The murder of George Floyd

3 years later, some north Minneapolis businesses are still recovering from unrest

A man behind a store counter.
Ousman Camara behind the counter of his shop, K's Grocery & Deli in north Minneapolis on July 15.
Melissa Townsend | MPR News 2020

Three years ago, the Twins Cities area broke out in unrest after Minneapolis police murdered George Floyd on May 25. Though much of the focus was on south Minneapolis, small businesses in north Minneapolis suffered damage and losses as well.

Since then, government funding has helped some northside businesses reopen. But others are not yet whole.

Tara Watson owns a building on West Broadway that is home to a number of her businesses including Watson Chiropractic and Anytime Fitness. She remembered the emotions surrounding the uprising.

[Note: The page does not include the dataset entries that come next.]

(* Consider heteroskedastic Gaussian bandits with arms $\{1,\dots,p\}$, true means $\beta_0=(\beta_{0,1},\dots,\beta_{0,p})$ and known variances $\sigma_1^2,\dots,\sigma_p^2>0$. For each $n$, an independent trajectory $H^n_{m_n}=((a^n_1,y^n_1),\dots,(a^n_{m_n},y^n_{m_n}))$ is generated by: $a^n_j\sim\Lambda^n(\cdot\mid H^n_{j-1})$ (a distribution on $\{1,\dots,p\}$ depending on the past), then $y^n_j\sim\mathcal{N}(\beta_{0,a^n_j},\sigma^2_{a^n_j})$ conditionally on the past and $a^n_j$. Let $N_{i,n}=\sum_{j=1}^{m_n}\mathbf{1}[a^n_j=i]$ and let $\hat\beta_n$ be the vector of per-arm sample means $\hat\beta_{n,i}=N_{i,n}^{-1}\sum_{j}\mathbf{1}[a^n_j=i]y^n_j$. Assume: (i) $\min_iN_{i,n}\xrightarrow{p}\infty$; (ii) the prior $\pi$ is a continuous and bounded density on $\mathbb{R}^p$ with $\pi(\beta_0)>0$. Then $$\big\|\pi(\cdot\mid H^n_{m_n})-\mathcal{N}\big(\hat\beta_n,\mathrm{diag}(\sigma_i^2N_{i,n}^{-1})\big)\big\|_{\mathrm{TV}}\xrightarrow{p}0.$$
   Context: The sampling rules $\Lambda^n$ may depend on $n$, while $\beta_0$, the $\sigma_i^2$ and $\pi$ do not. The posterior is $\pi(\beta\mid H^n_{m_n})\propto\pi(\beta)\prod_{j=1}^{m_n}\exp\big(-(y^n_j-\beta_{a^n_j})^2/(2\sigma^2_{a^n_j})\big)$. $\|\cdot\|_{\mathrm{TV}}$ is total variation distance. *)

theory Defs
  imports "HOL-Probability.Probability"
begin

text \<open>Histories of length j: functions nat => arm x reward, extensional on {..<j}.\<close>
definition hist_space :: "nat \<Rightarrow> (nat \<Rightarrow> 'p \<times> real) measure" where
  "hist_space j = PiM {..<j} (\<lambda>_. count_space UNIV \<Otimes>\<^sub>M borel)"

text \<open>Law of the trajectory H_j generated by the adaptive sampling rule L
  (L j h = distribution of the arm a_(j+1) given the past h of length j),
  true means b0 and standard deviations sd (variances sd i ^ 2).\<close>
primrec traj :: "(nat \<Rightarrow> (nat \<Rightarrow> 'p \<times> real) \<Rightarrow> 'p pmf) \<Rightarrow> ('p \<Rightarrow> real) \<Rightarrow> ('p \<Rightarrow> real)
    \<Rightarrow> nat \<Rightarrow> (nat \<Rightarrow> 'p \<times> real) measure" where
  "traj L b0 sd 0 = return (hist_space 0) (\<lambda>_. undefined)"
| "traj L b0 sd (Suc j) = traj L b0 sd j \<bind> (\<lambda>h. measure_pmf (L j h) \<bind>
      (\<lambda>a. distr (density lborel (normal_density (b0 a) (sd a))) (hist_space (Suc j))
             (\<lambda>y. h(j := (a, y)))))"

definition arm_count :: "nat \<Rightarrow> (nat \<Rightarrow> 'p \<times> real) \<Rightarrow> 'p \<Rightarrow> nat" where
  "arm_count m h i = card {j. j < m \<and> fst (h j) = i}"

definition sample_mean :: "nat \<Rightarrow> (nat \<Rightarrow> 'p \<times> real) \<Rightarrow> 'p \<Rightarrow> real" where
  "sample_mean m h i = (\<Sum>j<m. if fst (h j) = i then snd (h j) else 0) / real (arm_count m h i)"

definition likelihood :: "('p \<Rightarrow> real) \<Rightarrow> nat \<Rightarrow> (nat \<Rightarrow> 'p \<times> real) \<Rightarrow> real^'p \<Rightarrow> real" where
  "likelihood sd m h \<beta> = (\<Prod>j<m. exp (- (snd (h j) - \<beta> $ fst (h j))\<^sup>2 / (2 * (sd (fst (h j)))\<^sup>2)))"

definition posterior :: "(real^'p \<Rightarrow> real) \<Rightarrow> ('p \<Rightarrow> real) \<Rightarrow> nat \<Rightarrow> (nat \<Rightarrow> 'p \<times> real)
    \<Rightarrow> (real^'p) measure" where
  "posterior prior sd m h =
     density lborel (\<lambda>\<beta>. ennreal (prior \<beta> * likelihood sd m h \<beta>
        / (\<integral>b. prior b * likelihood sd m h b \<partial>lborel)))"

“There was fear, people just didn't feel safe. People were very upset,” Watson said. “People didn't feel safe by the police it was just a lot going on all at one time.”

Molotov cocktails and thrown objects damaged the top of her building. Watson said she couldn’t secure funding to fix the roof. The cost is over $100,000, she estimated.

“I wasn't able to get help with that, or leverage that and find anybody who was willing to do that,” she said. “I mean, we're still hopeful, but we weren't able to.”

Insurance, she added, does not cover riot damage. 

“Thankfully, West Broadway Business and Area Coalition did have some impact funding that helped,” Watson said.

the front of a building with a sign that reads Watson Chiropractic
Tara Watson, who owns a number of small businesses in north Minneapolis, is seen in front of her property.
Regina Medina | MPR News

She received grants to repair damage and spruce up the front of the building, including new signage and improved lighting outside.

Ousman Camara remembers learning about how George Floyd was killed. 

“When I woke up to pray in the middle of the night that's when I saw the video,” Camara said.

Later that day, he got a text from a customer. She told him people were breaking into businesses near his store on West Broadway. Camara rushed from his Brooklyn Center home to K's Grocery and Deli. 

Five customers helped him stand guard inside K's during the first week while the scene outside was intense. Rounds of gunshots filled the air. Pickup trucks zoomed through the streets. 

By week two, the group dropped to a pair of loyal customers. Their presence allowed him to travel home for daily showers and spend some time with his family. 

Camara, a witness to civil war in his native country of Sierra Leone, sat by the front window with the lights on. He did this for more than 30 days. 

After the monthlong watch of his business was over, he said K's deli was vandalized multiple times. They shattered his front windows.

a Black man stands in front of a restaurant bar
Ousman Camara, owner of K’s Grocery and Deli in north Minneapolis, stands in front of the deli, which serves African food.
Regina Medina | MPR News

“There was one time they stole an ATM from the store,” he said. “My cash register got broken into a few times. It was just stealing stuff that is available.”

Help came in the form of grants and low-interest loans from neighborhood groups such as West Broadway Business and Area Coalition, Northside Economic Opportunity Network and other agencies.

Camara was able to replace the broken windows and glass entrance door. He also got bars for the windows and a roll-up gate that prevents break-ins. And he fixed the cash register system and installed an external camera system. Grant money helped pay for bills too.

Now, he feels safe. 

“So that helped greatly since then. It's been good,” he said.

According to 2020 tax forms, West Broadway Business and Area Coalition granted $541,174 to 33 recipients. These funds were businesses located in North Minneapolis who were “impacted by the civil unrest that followed the murder of George Floyd.”

A view of the West Broadway area
A view of the West Broadway area in north Minneapolis on May 3.
Kerem Yücel | MPR News

Warren McLean, president of Northside Economic Opportunity Network, said many organizations responded.  

“There's a sustained effort to make sure that Black and BIPOC businesses really get the funding that they need. And so that's it's a huge impetus ... on the part of local governments, and particularly on the state really stepped up in a big way to provide grants,” McLean said. “Hennepin County did it. And then the City of Minneapolis did as well.”

Despite everything she's been through, Watson says she firmly believes in the northside and its future. 

“I think we dug ourselves out of the trenches. I really do. I think that that was amazing,” she said. “I'm excited about what we're gonna get on the other side of this because we're almost there. And I think it's just gonna be a better opportunity, a better community, a better north side, a better south side.”

Camara appreciates his customers concern for him during and after the unrest. 

“So the neighborhood for me, I love it. I will not move for nothing,” he said.